Under this line are the records; write out word for word the part that begins at the line containing "real (Suc (Suc" and ends at the line containing "using False g s_def by auto", and no more.

DATA IN THIS EXERCISE:
- Opening Delimiter -
(* Let $d\ge3$ be an integer. The function $$q_d(\gamma)=\frac{1-\frac{F^*(d^2-1,\gamma)}{(d-1)^2}}{1-\gamma}$$ on the interval $-\frac1{d-1}\le\gamma<1$ attains its minimum at $\gamma=-\frac1{d-1}$.
   Context: For an integer $k\ge1$ and $\gamma\in[-1,1]$, $$F^*(k,\gamma)=\frac{2\gamma}{k}\left(\frac{\Gamma((k+1)/2)}{\Gamma(k/2)}\right)^2 {}_2F_1\!\left(\tfrac12,\tfrac12;\tfrac k2+1;\gamma^2\right),$$ where ${}_2F_1$ is the Gaussian hypergeometric function. *)

theory Defs
  imports "HOL-Analysis.Analysis"
begin

definition hyp2F1 :: "real \<Rightarrow> real \<Rightarrow> real \<Rightarrow> real \<Rightarrow> real" where
  "hyp2F1 a b c z = (\<Sum>n. pochhammer a n * pochhammer b n / (pochhammer c n * fact n) * z ^ n)"

definition Fstar :: "nat \<Rightarrow> real \<Rightarrow> real" where
  "Fstar k \<gamma> = 2 * \<gamma> / real k * (Gamma ((real k + 1) / 2) / Gamma (real k / 2))\<^sup>2
      * hyp2F1 (1/2) (1/2) (real k / 2 + 1) (\<gamma>\<^sup>2)"

definition q :: "nat \<Rightarrow> real \<Rightarrow> real" where
  "q d \<gamma> = (1 - Fstar (d\<^sup>2 - 1) \<gamma> / (real d - 1)\<^sup>2) / (1 - \<gamma>)"

end

theory Submission imports Defs "HOL-Real_Asymp.Real_Asymp" begin

text \<open>Write \<open>q\<^sub>d(\<gamma>) = (1 - B \<gamma> H(\<gamma>\<^sup>2)) / (1 - \<gamma>)\<close> with \<open>H = \<^sub>2F\<^sub>1(1/2,1/2;c;\<cdot>)\<close>,
  \<open>c = (d\<^sup>2+1)/2\<close> and \<open>t = 1/(d-1)\<close>. Comparing \<open>q\<^sub>d(-t) \<le> q\<^sub>d(\<gamma>)\<close> amounts to
  \<open>B ((1-\<gamma>) t H(t\<^sup>2) + (1+t) \<gamma> H(\<gamma>\<^sup>2)) \<le> t + \<gamma>\<close>. Expanding \<open>H\<close>, every odd
  exponent \<open>m\<close> satisfies \<open>(1-\<gamma>) t\<^sup>m + (1+t) \<gamma>\<^sup>m \<le> 3/2 (t+\<gamma>)\<close> when \<open>t \<le> 1/2\<close>
  (for \<open>\<gamma> < 0\<close> by the mean value bound with \<open>m t\<^sup>m\<^sup>-\<^sup>1 \<le> 1\<close>), and the coefficients
  of \<open>H\<close> are nonnegative, so it suffices that \<open>B H(1) \<le> 2/3\<close>. Log-convexity of \<open>\<Gamma>\<close>
  bounds the Gamma quotient in \<open>F\<^sup>*\<close> so that \<open>B \<le> 1/(d-1)\<^sup>2 \<le> 1/4\<close>, and comparing the
  coefficients of \<open>H\<close> with \<open>(1)\<^sub>n/(4)\<^sub>n = 6/((n+1)(n+2)(n+3))\<close> gives \<open>H(1) \<le> 3/2\<close>.\<close>

lemma Gamma_plus_half_square_le:
  fixes x :: real
  assumes x: "x > 0"
  shows "Gamma (x + 1/2) ^ 2 \<le> x * Gamma x ^ 2"
proof -
  have pos: "Gamma (x + 1/2) > 0" "Gamma x > 0" "Gamma (x + 1) > 0"
    using x by auto
  have "(ln \<circ> Gamma) ((1 - 1/2) *\<^sub>R x + (1/2) *\<^sub>R (x + 1))
          \<le> (1 - 1/2) * (ln \<circ> Gamma) x + (1/2) * (ln \<circ> Gamma) (x + 1)"
    by (rule convex_onD[OF log_convex_Gamma_real]) (use x in auto)
  moreover have "(1 - 1/2) *\<^sub>R x + (1/2) *\<^sub>R (x + 1) = x + 1/2"
    by (simp add: field_simps)
  ultimately have "2 * ln (Gamma (x + 1/2)) \<le> ln (Gamma x) + ln (Gamma (x + 1))"
    by (simp add: algebra_simps)
  also have "\<dots> = ln (Gamma x * Gamma (x + 1))"
    using pos by (intro ln_mult_pos[symmetric])
  finally have "ln (Gamma (x + 1/2) ^ 2) \<le> ln (Gamma x * Gamma (x + 1))"
    by (simp add: ln_realpow)
  then have "Gamma (x + 1/2) ^ 2 \<le> Gamma x * Gamma (x + 1)"
    using pos by (subst (asm) ln_le_cancel_iff) auto
  moreover have "Gamma (x + 1) = x * Gamma x"
    using x by (intro Gamma_plus1) (auto elim!: nonpos_Ints_cases)
  ultimately show ?thesis
    by (simp add: power2_eq_square algebra_simps)
qed

lemma Gamma_quotient_factor_le_one:
  fixes k :: real
  assumes "k > 0"
  shows "2 / k * (Gamma ((k + 1) / 2) / Gamma (k / 2))\<^sup>2 \<le> 1"
proof -
  have "(Gamma ((k + 1) / 2) / Gamma (k / 2))\<^sup>2 \<le> k / 2"
    using Gamma_plus_half_square_le[of "k/2"] assms
    by (simp add: power_divide divide_le_eq add_divide_distrib)
  then have "2 / k * (Gamma ((k + 1) / 2) / Gamma (k / 2))\<^sup>2 \<le> 2 / k * (k / 2)"
    using assms by (intro mult_left_mono) auto
  then show ?thesis
    using assms by simp
qed

lemma pochhammer_mono:
  fixes a b :: real
  assumes "0 < a" "a \<le> b"
  shows "pochhammer a n \<le> pochhammer b n"
proof (induction n)
  case (Suc n)
  then show ?case
    using assms by (simp add: pochhammer_rec') (intro mult_mono pochhammer_nonneg; simp)
qed simp

lemma pochhammer_half_le_fact: "pochhammer (1/2 :: real) n \<le> fact n"
  unfolding pochhammer_fact by (rule pochhammer_mono) auto

lemma fact_plus_three:
  "fact (n + 3) = (real n + 1) * (real n + 2) * (real n + 3) * fact n"
  by (simp add: numeral_3_eq_3 algebra_simps)

lemma pochhammer_four: "6 * pochhammer (4 :: real) n = fact (n + 3)"
proof -
  have "fact (3 + n) = pochhammer (1 :: real) 3 * pochhammer 4 n"
    unfolding pochhammer_fact pochhammer_product' by simp
  then show ?thesis
    by (simp add: pochhammer_Suc_prod numeral_3_eq_3 add.commute)
qed

definition hyp2F1_coeff :: "real \<Rightarrow> real \<Rightarrow> real \<Rightarrow> nat \<Rightarrow> real" where
  "hyp2F1_coeff a b c n = pochhammer a n * pochhammer b n / (pochhammer c n * fact n)"

lemma hyp2F1_eq_suminf: "hyp2F1 a b c z = (\<Sum>n. hyp2F1_coeff a b c n * z ^ n)"
  by (simp add: hyp2F1_def hyp2F1_coeff_def)

lemma hyp2F1_coeff_nonneg:
  assumes "0 < a" "0 < b" "0 < c"
  shows "0 \<le> hyp2F1_coeff a b c n"
  unfolding hyp2F1_coeff_def using assms by (simp add: pochhammer_nonneg pochhammer_pos)

lemma hyp2F1_coeff_half_half_le:
  assumes "4 \<le> c"
  shows "hyp2F1_coeff (1/2) (1/2) c n \<le> 6 / ((real n + 1) * (real n + 2) * (real n + 3))"
proof -
  have pos: "0 < pochhammer c n" "0 < pochhammer (4 :: real) n"
    using assms by (auto intro: pochhammer_pos)
  have "hyp2F1_coeff (1/2) (1/2) c n \<le> fact n * fact n / (pochhammer c n * fact n)"
    unfolding hyp2F1_coeff_def using pos
    by (intro divide_right_mono mult_mono pochhammer_half_le_fact) (auto simp: pochhammer_nonneg)
  also have "\<dots> = fact n / pochhammer c n"
    by simp
  also have "\<dots> \<le> fact n / pochhammer 4 n"
    using assms pos by (intro divide_left_mono pochhammer_mono) auto
  also have "\<dots> = 6 / ((real n + 1) * (real n + 2) * (real n + 3))"
  proof -
    have "pochhammer 4 n = (real n + 1) * (real n + 2) * (real n + 3) * fact n / 6"
      using pochhammer_four[of n] unfolding fact_plus_three by linarith
    moreover have "(real n + 1) * (real n + 2) * (real n + 3) > 0"
      by simp
    ultimately show ?thesis
      using pos(2) by (subst frac_eq_eq) (auto simp: ac_simps)
  qed
  finally show ?thesis .
qed

lemma sums_six_div_consecutive_triple:
  "(\<lambda>n. 6 / ((real n + 1) * (real n + 2) * (real n + 3))) sums (3/2)"
proof -
  define f :: "nat \<Rightarrow> real" where "f n = -3 / ((real n + 1) * (real n + 2))" for n
  have "f \<longlonglongrightarrow> 0"
    unfolding f_def by real_asymp
  then have "(\<lambda>n. f (Suc n) - f n) sums (0 - f 0)"
    by (rule telescope_sums)
  moreover have "f (Suc n) - f n = 6 / ((real n + 1) * (real n + 2) * (real n + 3))" for n
  proof -
    have "real n + 1 \<noteq> 0" "real n + 2 \<noteq> 0" "real n + 3 \<noteq> 0" "real n + 1 + 1 \<noteq> 0" "real n + 1 + 2 \<noteq> 0"
      by linarith+
    then show ?thesis
      unfolding f_def by (simp add: divide_simps del: of_nat_Suc) (simp add: algebra_simps)
  qed
  ultimately show ?thesis
    by (simp add: f_def)
qed

lemma summable_hyp2F1_coeff_half_half:
  assumes "4 \<le> c"
  shows "summable (hyp2F1_coeff (1/2) (1/2) c)"
  by (rule summable_comparison_test'[OF sums_summable[OF sums_six_div_consecutive_triple], of 0])
     (use assms hyp2F1_coeff_nonneg hyp2F1_coeff_half_half_le in auto)

lemma hyp2F1_half_half_sums:
  assumes "4 \<le> c" "\<bar>z\<bar> \<le> 1"
  shows "(\<lambda>n. hyp2F1_coeff (1/2) (1/2) c n * z ^ n) sums hyp2F1 (1/2) (1/2) c z"
proof -
  have "summable (\<lambda>n. hyp2F1_coeff (1/2) (1/2) c n * z ^ n)"
  proof (rule summable_comparison_test'[OF summable_hyp2F1_coeff_half_half[OF assms(1)], of 0])
    fix n
    have "\<bar>z\<bar> ^ n \<le> 1"
      using assms(2) by (simp add: power_le_one)
    then show "norm (hyp2F1_coeff (1/2) (1/2) c n * z ^ n) \<le> hyp2F1_coeff (1/2) (1/2) c n"
      using assms(1) hyp2F1_coeff_nonneg[of "1/2" "1/2" c n]
      by (simp add: abs_mult power_abs mult_left_le)
  qed
  then show ?thesis
    unfolding hyp2F1_eq_suminf by (rule summable_sums)
qed

lemma hyp2F1_half_half_one_le:
  assumes "4 \<le> c"
  shows "hyp2F1 (1/2) (1/2) c 1 \<le> 3/2"
  using sums_le[OF hyp2F1_coeff_half_half_le[OF assms] _ sums_six_div_consecutive_triple]
    hyp2F1_half_half_sums[OF assms, of 1]
  by simp

lemma power_Suc_diff_le:
  fixes s t :: real
  assumes "0 \<le> s" "s \<le> t"
  shows "t ^ Suc m - s ^ Suc m \<le> real (Suc m) * t ^ m * (t - s)"
proof (induction m)
  case (Suc m)
  have "t ^ Suc (Suc m) - s ^ Suc (Suc m) = t * (t ^ Suc m - s ^ Suc m) + s ^ Suc m * (t - s)"
    by (simp add: algebra_simps)
  also have "\<dots> \<le> t * (real (Suc m) * t ^ m * (t - s)) + t ^ Suc m * (t - s)"
    using assms Suc by (intro add_mono mult_left_mono mult_right_mono power_mono) auto
  also have "\<dots> = real (Suc (Suc m)) * t ^ Suc m * (t - s)"
    by (simp add: algebra_simps)
  finally show ?case .
qed simp

lemma odd_power_combination_le:
  fixes t g :: real
  assumes t: "0 < t" "t \<le> 1/2" and g: "-t \<le> g" "g \<le> 1"
  shows "(1 - g) * t ^ (2*n+1) + (1 + t) * g ^ (2*n+1) \<le> 3/2 * (t + g)"
proof (cases "0 \<le> g")
  case True
  have "t ^ (2*n+1) \<le> t ^ 1" "g ^ (2*n+1) \<le> g ^ 1"
    using t g True by (intro power_decreasing; simp)+
  then have "(1 - g) * t ^ (2*n+1) + (1 + t) * g ^ (2*n+1) \<le> (1 - g) * t + (1 + t) * g"
    using t g by (intro add_mono mult_left_mono) auto
  then show ?thesis
    using t True by (simp add: algebra_simps)
next
  case False
  define s where "s = -g"
  have s: "0 < s" "s \<le> t"
    using False g s_def by auto
  have "2*n+1 \<le> (2::nat) ^ (2*n)"
    using less_exp[of "2*n"] by linarith
  then have "real (2*n+1) \<le> 2 ^ (2*n)"
    by (metis of_nat_le_iff of_nat_numeral of_nat_power)
  moreover have "t ^ (2*n) \<le> (1/2) ^ (2*n)"
    using t by (intro power_mono) auto
  ultimately have "real (2*n+1) * t ^ (2*n) \<le> 2 ^ (2*n) * (1/2) ^ (2*n)"
    using t by (intro mult_mono) auto
  then have deriv_le: "real (2*n+1) * t ^ (2*n) \<le> 1"
    by (simp add: power_one_over)
  have "(1 - g) * t ^ (2*n+1) + (1 + t) * g ^ (2*n+1) = (1 + s) * t ^ (2*n+1) - (1 + t) * s ^ (2*n+1)"
    by (simp add: s_def)
  also have "\<dots> \<le> (1 + t) * (t ^ (2*n+1) - s ^ (2*n+1))"
    using mult_right_mono[OF s(2), of "t ^ (2*n+1)"] t by (simp add: algebra_simps)
  also have "\<dots> \<le> 3/2 * (real (2*n+1) * t ^ (2*n) * (t - s))"
  proof (intro mult_mono)
    show "t ^ (2*n+1) - s ^ (2*n+1) \<le> real (2*n+1) * t ^ (2*n) * (t - s)"
      using power_Suc_diff_le[of s t "2*n"] s by simp
    have "s ^ (2*n+1) \<le> t ^ (2*n+1)"
      using s by (intro power_mono) auto
    then show "0 \<le> t ^ (2*n+1) - s ^ (2*n+1)"
      by simp
  qed (use t s in auto)
  also have "\<dots> \<le> 3/2 * (t - s)"
    using mult_right_mono[OF deriv_le, of "t - s"] s by (intro mult_left_mono) auto
  finally show ?thesis
    by (simp add: s_def)
qed

lemma odd_power_series_quotient_le:
  fixes a :: "nat \<Rightarrow> real" and H :: "real \<Rightarrow> real"
  assumes a: "\<And>n. 0 \<le> a n"
    and H: "\<And>x. \<bar>x\<bar> \<le> 1 \<Longrightarrow> (\<lambda>n. a n * x ^ n) sums H x"
    and B: "0 \<le> B" "B * H 1 \<le> 2/3"
    and t: "0 < t" "t \<le> 1/2" and g: "-t \<le> g" "g < 1"
  shows "(1 - B * (-t) * H ((-t)\<^sup>2)) / (1 - (-t)) \<le> (1 - B * g * H (g\<^sup>2)) / (1 - g)"
proof -
  have odd: "(\<lambda>n. a n * z ^ (2*n+1)) sums (z * H (z\<^sup>2))" if "\<bar>z\<bar> \<le> 1" for z
  proof -
    have "\<bar>z\<^sup>2\<bar> \<le> 1"
      using that by (simp add: abs_square_le_1)
    then have "(\<lambda>n. z * (a n * (z\<^sup>2) ^ n)) sums (z * H (z\<^sup>2))"
      by (intro sums_mult H)
    moreover have "(\<lambda>n. z * (a n * (z\<^sup>2) ^ n)) = (\<lambda>n. a n * z ^ (2*n+1))"
      by (simp add: fun_eq_iff power_add power_mult power2_eq_square power_mult_distrib)
    ultimately show ?thesis
      by (simp only:)
  qed
  have lhs: "(\<lambda>n. a n * ((1 - g) * t ^ (2*n+1) + (1 + t) * g ^ (2*n+1)))
      sums ((1 - g) * (t * H (t\<^sup>2)) + (1 + t) * (g * H (g\<^sup>2)))"
    using sums_add[OF sums_mult[OF odd[of t], of "1 - g"] sums_mult[OF odd[of g], of "1 + t"]] t g
    by (simp add: algebra_simps)
  have "a sums H 1"
    using H[of 1] by simp
  then have rhs: "(\<lambda>n. a n * (3/2 * (t + g))) sums (H 1 * (3/2 * (t + g)))"
    by (rule sums_mult2)
  have series_le: "(1 - g) * (t * H (t\<^sup>2)) + (1 + t) * (g * H (g\<^sup>2)) \<le> H 1 * (3/2 * (t + g))"
  proof (rule sums_le[OF _ lhs rhs])
    fix n
    show "a n * ((1 - g) * t ^ (2*n+1) + (1 + t) * g ^ (2*n+1)) \<le> a n * (3/2 * (t + g))"
      using odd_power_combination_le[of t g n] a[of n] t g by (intro mult_left_mono) auto
  qed
  have "B * ((1 - g) * (t * H (t\<^sup>2)) + (1 + t) * (g * H (g\<^sup>2))) \<le> (B * H 1) * (3/2 * (t + g))"
    using mult_left_mono[OF series_le B(1)] by (simp only: mult.assoc)
  also have "\<dots> \<le> 2/3 * (3/2 * (t + g))"
    using B g by (intro mult_right_mono) auto
  finally have "(1 + B * t * H (t\<^sup>2)) * (1 - g) \<le> (1 - B * g * H (g\<^sup>2)) * (1 + t)"
    by (simp add: algebra_simps)
  then show ?thesis
    using t g by (simp add: divide_le_eq le_divide_eq mult.commute)
qed

theorem mainTheorem5:
  fixes d :: nat
  assumes "d \<ge> 3"
  shows "\<forall>\<gamma>. -1 / (real d - 1) \<le> \<gamma> \<and> \<gamma> < 1 \<longrightarrow> q d (-1 / (real d - 1)) \<le> q d \<gamma>"
proof (intro allI impI)
  fix \<gamma> :: real
  assume \<gamma>: "-1 / (real d - 1) \<le> \<gamma> \<and> \<gamma> < 1"
  define k where "k = real (d\<^sup>2 - 1)"
  define c where "c = k / 2 + 1"
  define B where "B = 2 / k * (Gamma ((k + 1) / 2) / Gamma (k / 2))\<^sup>2 / (real d - 1)\<^sup>2"
  define t where "t = 1 / (real d - 1)"
  have d: "3 \<le> real d" "4 \<le> (real d - 1)\<^sup>2"
    using assms power_mono[of 2 "real d - 1" 2] by auto
  have "8 \<le> k"
    using power_mono[of 3 "real d" 2] d unfolding k_def by simp
  then have c: "4 \<le> c"
    unfolding c_def by simp
  have B: "0 \<le> B"
    using \<open>8 \<le> k\<close> unfolding B_def by simp
  have "B \<le> 1 / (real d - 1)\<^sup>2"
    unfolding B_def using Gamma_quotient_factor_le_one[of k] \<open>8 \<le> k\<close> by (intro divide_right_mono) auto
  also have "\<dots> \<le> 1/4"
    using d by (intro divide_left_mono) auto
  finally have "B * (3/2) \<le> 2/3"
    by linarith
  moreover have "B * hyp2F1 (1/2) (1/2) c 1 \<le> B * (3/2)"
    using hyp2F1_half_half_one_le[OF c] B by (rule mult_left_mono)
  moreover have "0 < t" "t \<le> 1/2" "-t \<le> \<gamma>"
    using d \<gamma> unfolding t_def by (auto simp: divide_le_eq)
  ultimately have "(1 - B * (-t) * hyp2F1 (1/2) (1/2) c ((-t)\<^sup>2)) / (1 - (-t))
      \<le> (1 - B * \<gamma> * hyp2F1 (1/2) (1/2) c (\<gamma>\<^sup>2)) / (1 - \<gamma>)"
    using B \<gamma> c
    by (intro odd_power_series_quotient_le[where a = "hyp2F1_coeff (1/2) (1/2) c"]
        hyp2F1_coeff_nonneg hyp2F1_half_half_sums) auto
  moreover have "q d z = (1 - B * z * hyp2F1 (1/2) (1/2) c (z\<^sup>2)) / (1 - z)" for z
    unfolding q_def Fstar_def B_def c_def k_def by (simp add: algebra_simps)
  ultimately show "q d (-1 / (real d - 1)) \<le> q d \<gamma>"
    unfolding t_def by simp
qed

end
- Closing Delimiter -
OUTPUT BELOW:
  also have "\<dots> = real (Suc (Suc m)) * t ^ Suc m * (t - s)"
    by (simp add: algebra_simps)
  finally show ?case .
qed simp

lemma odd_power_combination_le:
  fixes t g :: real
  assumes t: "0 < t" "t \<le> 1/2" and g: "-t \<le> g" "g \<le> 1"
  shows "(1 - g) * t ^ (2*n+1) + (1 + t) * g ^ (2*n+1) \<le> 3/2 * (t + g)"
proof (cases "0 \<le> g")
  case True
  have "t ^ (2*n+1) \<le> t ^ 1" "g ^ (2*n+1) \<le> g ^ 1"
    using t g True by (intro power_decreasing; simp)+
  then have "(1 - g) * t ^ (2*n+1) + (1 + t) * g ^ (2*n+1) \<le> (1 - g) * t + (1 + t) * g"
    using t g by (intro add_mono mult_left_mono) auto
  then show ?thesis
    using t True by (simp add: algebra_simps)
next
  case False
  define s where "s = -g"
  have s: "0 < s" "s \<le> t"
    using False g s_def by auto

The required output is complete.